Marc Stier has had a long career as an activist, advocate, teacher, and writer. From 2015 to 2023, Marc was the director of the Pennsylvania Budget and Policy Center in Harrisburg, PA, where he wrote policy reports on many federal, state, and local issues, including tax fairness, K-12 and higher education funding, raising Pennsylvania’s minimum wage, health care, and child care, as well as on racial and gender-related justice. He was also the founder and chair of PBPC’s advocacy campaign We The People–PA.
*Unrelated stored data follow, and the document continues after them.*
definition eigenvalues_of :: "real^'n^'n \<Rightarrow> real set" where
  "eigenvalues_of M = {c. \<exists>v. v \<noteq> 0 \<and> M *v v = c *\<^sub>R v}"

definition least_eigenvalue :: "real^'n^'n \<Rightarrow> real" where
  "least_eigenvalue M = Min (eigenvalues_of M)"

definition eigenspace_of :: "real^'n^'n \<Rightarrow> real \<Rightarrow> (real^'n) set" where
  "eigenspace_of M c = {v. M *v v = c *\<^sub>R v}"

text \<open>qs is a list of columns forming an orthonormal basis of the least eigenspace
  of the adjacency matrix (its length d is then the multiplicity).\<close>
definition least_eig_onb :: "('n::finite \<Rightarrow> 'n \<Rightarrow> bool) \<Rightarrow> (real^'n) list \<Rightarrow> bool" where
  "least_eig_onb E qs \<longleftrightarrow>
     (\<forall>a < length qs. \<forall>b < length qs. (qs ! a) \<bullet> (qs ! b) = (if a = b then 1 else 0))
     \<and> span (set qs) = eigenspace_of (adj_matrix E) (least_eigenvalue (adj_matrix E))"

text \<open>Canonical vector colouring: vertex i gets sqrt(n/d) times the i-th row of Q.\<close>
definition canonical_coloring :: "(real^'n::finite) list \<Rightarrow> 'n \<Rightarrow> real list" where
  "canonical_coloring qs i =
     map (\<lambda>q. sqrt (real CARD('n) / real (length qs)) * q $ i) qs"

definition locally_injective :: "('n \<Rightarrow> 'n \<Rightarrow> bool) \<Rightarrow> ('n \<Rightarrow> 'v) \<Rightarrow> bool" where
  "locally_injective E f \<longleftrightarrow>
     (\<forall>i j. i \<noteq> j \<and> (\<exists>k. E i k \<and> E j k) \<longrightarrow> f i \<noteq> f j)"

end

theory Submission
  imports Defs
begin
theorem lemma2p8:
  fixes v :: "'r::finite \<Rightarrow> 'n::finite \<Rightarrow> int"
    and r :: nat
    and Dp :: "nat \<Rightarrow> 'r \<Rightarrow> int"
  assumes prim: "\<forall>\<rho>. primitive (v \<rho>)"
    and rays: "\<forall>\<rho>. (\<lambda>i. real_of_int (v \<rho> i)) \<notin> cone_of v (UNIV - {\<rho>})"
    and strongly_convex: "\<forall>x\<in>sigma v. - x \<in> sigma v \<longrightarrow> x = 0"
    and fixed_point: "\<forall>w::'n \<Rightarrow> real. (\<forall>x\<in>sigma v. (\<Sum>i\<in>UNIV. w i * x i) = 0) \<longrightarrow> w = 0"
    and E0: "deg v (Dp 0) = deg v 0"
    and distinct: "\<forall>i\<le>r. \<forall>j\<le>r. i \<noteq> j \<longrightarrow> deg v (Dp i) \<noteq> deg v (Dp j)"
  shows
    "(\<forall>u. (0, divmap v u) \<in> ZQ v r Dp)
     \<and> inj (\<lambda>u. (0::nat \<Rightarrow> int, divmap v u))
     \<and> {z \<in> ZQ v r Dp. fst z = 0} = range (\<lambda>u. (0, divmap v u))
     \<and> fst ` ZQ v r Dp = Wt r
     \<and> bij_betw snd {z \<in> ZQ v r Dp. fst z = 0} (range (divmap v))
     \<and> (\<forall>z\<in>ZQ v r Dp. deg v (snd z) = nu v r Dp (fst z))
     \<and> inj (divmap v)
     \<and> {D. deg v D = deg v 0} = range (divmap v)
     \<and> range (deg v) = Cl v
     \<and> bij_betw snd {z \<in> NQ v r Dp. fst z = 0} (divmap v ` dual_cone_M v)
     \<and> divmap v ` dual_cone_M v = {D. (\<forall>\<rho>. 0 \<le> D \<rho>) \<and> deg v D = deg v 0}
     \<and> zrank (ZQ v r Dp) = card (UNIV :: 'n set) + r"
proof -
  obtain u0 where u0: "\<forall>\<rho>. 0 < pairing u0 (v \<rho>)"
    using exists_pairing_pos[OF rays strongly_convex] by blast
  have injd: "inj (divmap v)"
    using fixed_point by (rule inj_divmap)
  have ZQ_ker: "{z \<in> ZQ v r Dp. fst z = 0} = range (\<lambda>u. (0, divmap v u))"
    by (rule ZQ_fst_zero[OF u0 distinct])
  have inj_on_snd: "inj_on snd {z \<in> A. fst z = 0}" for A :: "((nat \<Rightarrow> int) \<times> ('r \<Rightarrow> int)) set"
    by (rule inj_onI) (simp add: prod_eq_iff)
  have "bij_betw snd {z \<in> ZQ v r Dp. fst z = 0} (range (divmap v))"
    unfolding bij_betw_def using inj_on_snd[of "ZQ v r Dp"] by (simp add: ZQ_ker image_image)
  moreover have "bij_betw snd {z \<in> NQ v r Dp. fst z = 0} (divmap v ` dual_cone_M v)"
    unfolding bij_betw_def using inj_on_snd NQ_fst_zero[OF distinct] by blast
  moreover have "inj (\<lambda>u. (0::nat \<Rightarrow> int, divmap v u))"
    using injd by (simp add: inj_def)
  moreover have "{D. deg v D = deg v 0} = range (divmap v)"
    by (simp add: deg_eq_iff)
  moreover have "\<forall>u. (0, divmap v u) \<in> ZQ v r Dp"
    using divmap_in_ZQ[OF u0 distinct] by blast
  moreover have "\<forall>z\<in>ZQ v r Dp. deg v (snd z) = nu v r Dp (fst z)"
    using deg_snd_ZQ by blast
  ultimately show ?thesis
    using ZQ_ker fst_ZQ[OF u0 distinct] injd divmap_dual_cone_M zrank_ZQ[OF u0 injd distinct]
    unfolding Cl_def by (intro conjI) (assumption | rule refl)+
qed

end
Before joining PBPC, Marc served as the executive director of Penn Action, where he worked to protect funding for education and women’s health care and expand Social Security. He was also the Pennsylvania director of Health Care for America Now, which led the grassroots effort in support of what became the Affordable Care Act, and the Health Care campaign manager for SEIU Pennsylvania State Council. He began his career in activism as a leader and then president of West Mt. Airy Neighbors in Philadelphia and an advocate for transit funding.

Stier was an academic for 25 years before starting his career in public policy analysis and advocacy. He has a bachelor’s degree from Wesleyan University and a doctorate from Harvard University, both in political science. He has taught at the University of Alaska, Fairbanks; City College of New York; the University of North Carolina, Charlotte; and Temple University, where he was the associate director and internet coordinator of the Intellectual Heritage Program. Stier is the author of papers on political philosophy, the history of political thought, and American politics. He is the author of the book Grassroots Advocacy and Health Care Reform, published in 2013. He will be publishing two new books in the next few years, Liberalism and Communitarianism Revisited and Civilization and Its Contents: Reflections on Sex and the Culture Wars. He is also co-editor of Ambiguity in the Western Tradition.